_Problem description_
Retype all the records with nothing changed.

_Data extract_
lemma sdist_cases:
  obtains a ao b bo where "(a, ao) \<in> anchors lam p" "(b, bo) \<in> anchors lam q"
      "sdist E lam p q = ao + vdist E lam a b + bo"
  | e t s where "p = Ed e t" "q = Ed e s" "sdist E lam p q = \<bar>t - s\<bar>"
proof -
  let ?A = "{ao + vdist E lam a b + bo | a ao b bo. (a, ao) \<in> anchors lam p \<and> (b, bo) \<in> anchors lam q}"
  have "?A \<noteq> {}"
    by (cases p; cases q) auto
  then have "Min ?A \<in> ?A"
    by (intro Min_in[OF finite_sdist_candidates])
  moreover have "sdist E lam p q = Min ?A \<or> (\<exists>e t s. p = Ed e t \<and> q = Ed e s \<and> sdist E lam p q = \<bar>t - s\<bar>)"
    unfolding sdist_def Let_def by (auto split: pt.splits simp: min_def)
  ultimately show ?thesis
  proof (elim disjE exE conjE)
    assume "Min ?A \<in> ?A" and "sdist E lam p q = Min ?A"
    then show ?thesis
      using that(1) by auto
  qed (use that(2) in blast)
qed

text \<open>Exposes the dependence on \<open>t\<close> as a minimum over a fixed finite index set, for measurability.\<close>

lemma sdist_Ed_left:
  "sdist E lam (Ed e t) z =
    (let c = Min ((\<lambda>(k, b, bo). (if k then t + vdist E lam (fst e) b else lam e - t + vdist E lam (snd e) b) + bo)
                   ` (UNIV \<times> anchors lam z))
     in case z of Ed e' s \<Rightarrow> if e = e' then min c \<bar>t - s\<bar> else c | _ \<Rightarrow> c)"
proof -
  have "(\<lambda>((a, ao), (b, bo)). ao + vdist E lam a b + bo) ` (anchors lam (Ed e t) \<times> anchors lam z)
     = (\<lambda>(k, b, bo). (if k then t + vdist E lam (fst e) b else lam e - t + vdist E lam (snd e) b) + bo)
         ` (UNIV \<times> anchors lam z)"
    (is "?f ` _ = ?g ` _")
  proof (intro equalityI subsetI)
    fix r assume "r \<in> ?f ` (anchors lam (Ed e t) \<times> anchors lam z)"
    then obtain a ao b bo where r: "(a, ao) \<in> anchors lam (Ed e t)" "(b, bo) \<in> anchors lam z"
      "r = ao + vdist E lam a b + bo"
      by auto
    then consider "(a, ao) = (fst e, t)" | "(a, ao) = (snd e, lam e - t)"
      by auto
    then show "r \<in> ?g ` (UNIV \<times> anchors lam z)"
      by cases (use r in \<open>force intro: rev_image_eqI[of "(True, b, bo)"] rev_image_eqI[of "(False, b, bo)"]\<close>)+
  next
    fix r assume "r \<in> ?g ` (UNIV \<times> anchors lam z)"
    then obtain k b bo where r: "(b, bo) \<in> anchors lam z" "r = ?g (k, b, bo)"
      by auto
    then show "r \<in> ?f ` (anchors lam (Ed e t) \<times> anchors lam z)"
      by (cases k) (force intro: rev_image_eqI[of "((fst e, t), b, bo)"] rev_image_eqI[of "((snd e, lam e - t), b, bo)"])+
  qed
  then show ?thesis
    unfolding sdist_def sdist_candidates_eq by (cases z) auto
qed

_Completed task_
lemma sdist_cases:
  obtains a ao b bo where "(a, ao) \<in> anchors lam p" "(b, bo) \<in> anchors lam q"
      "sdist E lam p q = ao + vdist E lam a b + bo"
  | e t s where "p = Ed e t" "q = Ed e s" "sdist E lam p q = \<bar>t - s\<bar>"
proof -
  let ?A = "{ao + vdist E lam a b + bo | a ao b bo. (a, ao) \<in> anchors lam p \<and> (b, bo) \<in> anchors lam q}"
  have "?A \<noteq> {}"
    by (cases p; cases q) auto
  then have "Min ?A \<in> ?A"
    by (intro Min_in[OF finite_sdist_candidates])
  moreover have "sdist E lam p q = Min ?A \<or> (\<exists>e t s. p = Ed e t \<and> q = Ed e s \<and> sdist E lam p q = \<bar>t - s\<bar>)"
    unfolding sdist_def Let_def by (auto split: pt.splits simp: min_def)
  ultimately show ?thesis
  proof (elim disjE exE conjE)
    assume "Min ?A \<in> ?A" and "sdist E lam p q = Min ?A"
    then show ?thesis
      using that(1) by auto
  qed (use that(2) in blast)
qed

text \<open>Exposes the dependence on \<open>t\<close> as a minimum over a fixed finite index set, for measurability.\<close>

lemma sdist_Ed_left:
  "sdist E lam (Ed e t) z =
    (let c = Min ((\<lambda>(k, b, bo). (if k then t + vdist E lam (fst e) b else lam e - t + vdist E lam (snd e) b) + bo)
                   ` (UNIV \<times> anchors lam z))
     in case z of Ed e' s \<Rightarrow> if e = e' then min c \<bar>t - s\<bar> else c | _ \<Rightarrow> c)"
proof -
  have "(\<lambda>((a, ao), (b, bo)). ao + vdist E lam a b + bo) ` (anchors lam (Ed e t) \<times> anchors lam z)
     = (\<lambda>(k, b, bo). (if k then t + vdist E lam (fst e) b else lam e - t + vdist E lam (snd e) b) + bo)
         ` (UNIV \<times> anchors lam z)"
    (is "?f ` _ = ?g ` _")
  proof (intro equalityI subsetI)
    fix r assume "r \<in> ?f ` (anchors lam (Ed e t) \<times> anchors lam z)"
    then obtain a ao b bo where r: "(a, ao) \<in> anchors lam (Ed e t)" "(b, bo) \<in> anchors lam z"
      "r = ao + vdist E lam a b + bo"
      by auto
    then consider "(a, ao) = (fst e, t)" | "(a, ao) = (snd e, lam e - t)"
      by auto
    then show "r \<in> ?g ` (UNIV \<times> anchors lam z)"
      by cases (use r in \<open>force intro: rev_image_eqI[of "(True, b, bo)"] rev_image_eqI[of "(False, b, bo)"]\<close>)+
  next
    fix r assume "r \<in> ?g ` (UNIV \<times> anchors lam z)"
    then obtain k b bo where r: "(b, bo) \<in> anchors lam z" "r = ?g (k, b, bo)"
      by auto
    then show "r \<in> ?f ` (anchors lam (Ed e t) \<times> anchors lam z)"
      by (cases k) (force intro: rev_image_eqI[of "((fst e, t), b, bo)"] rev_image_eqI[of "((snd e, lam e - t), b, bo)"])+
  qed
  then show ?thesis
    unfolding sdist_def sdist_candidates_eq by (cases z) auto
qed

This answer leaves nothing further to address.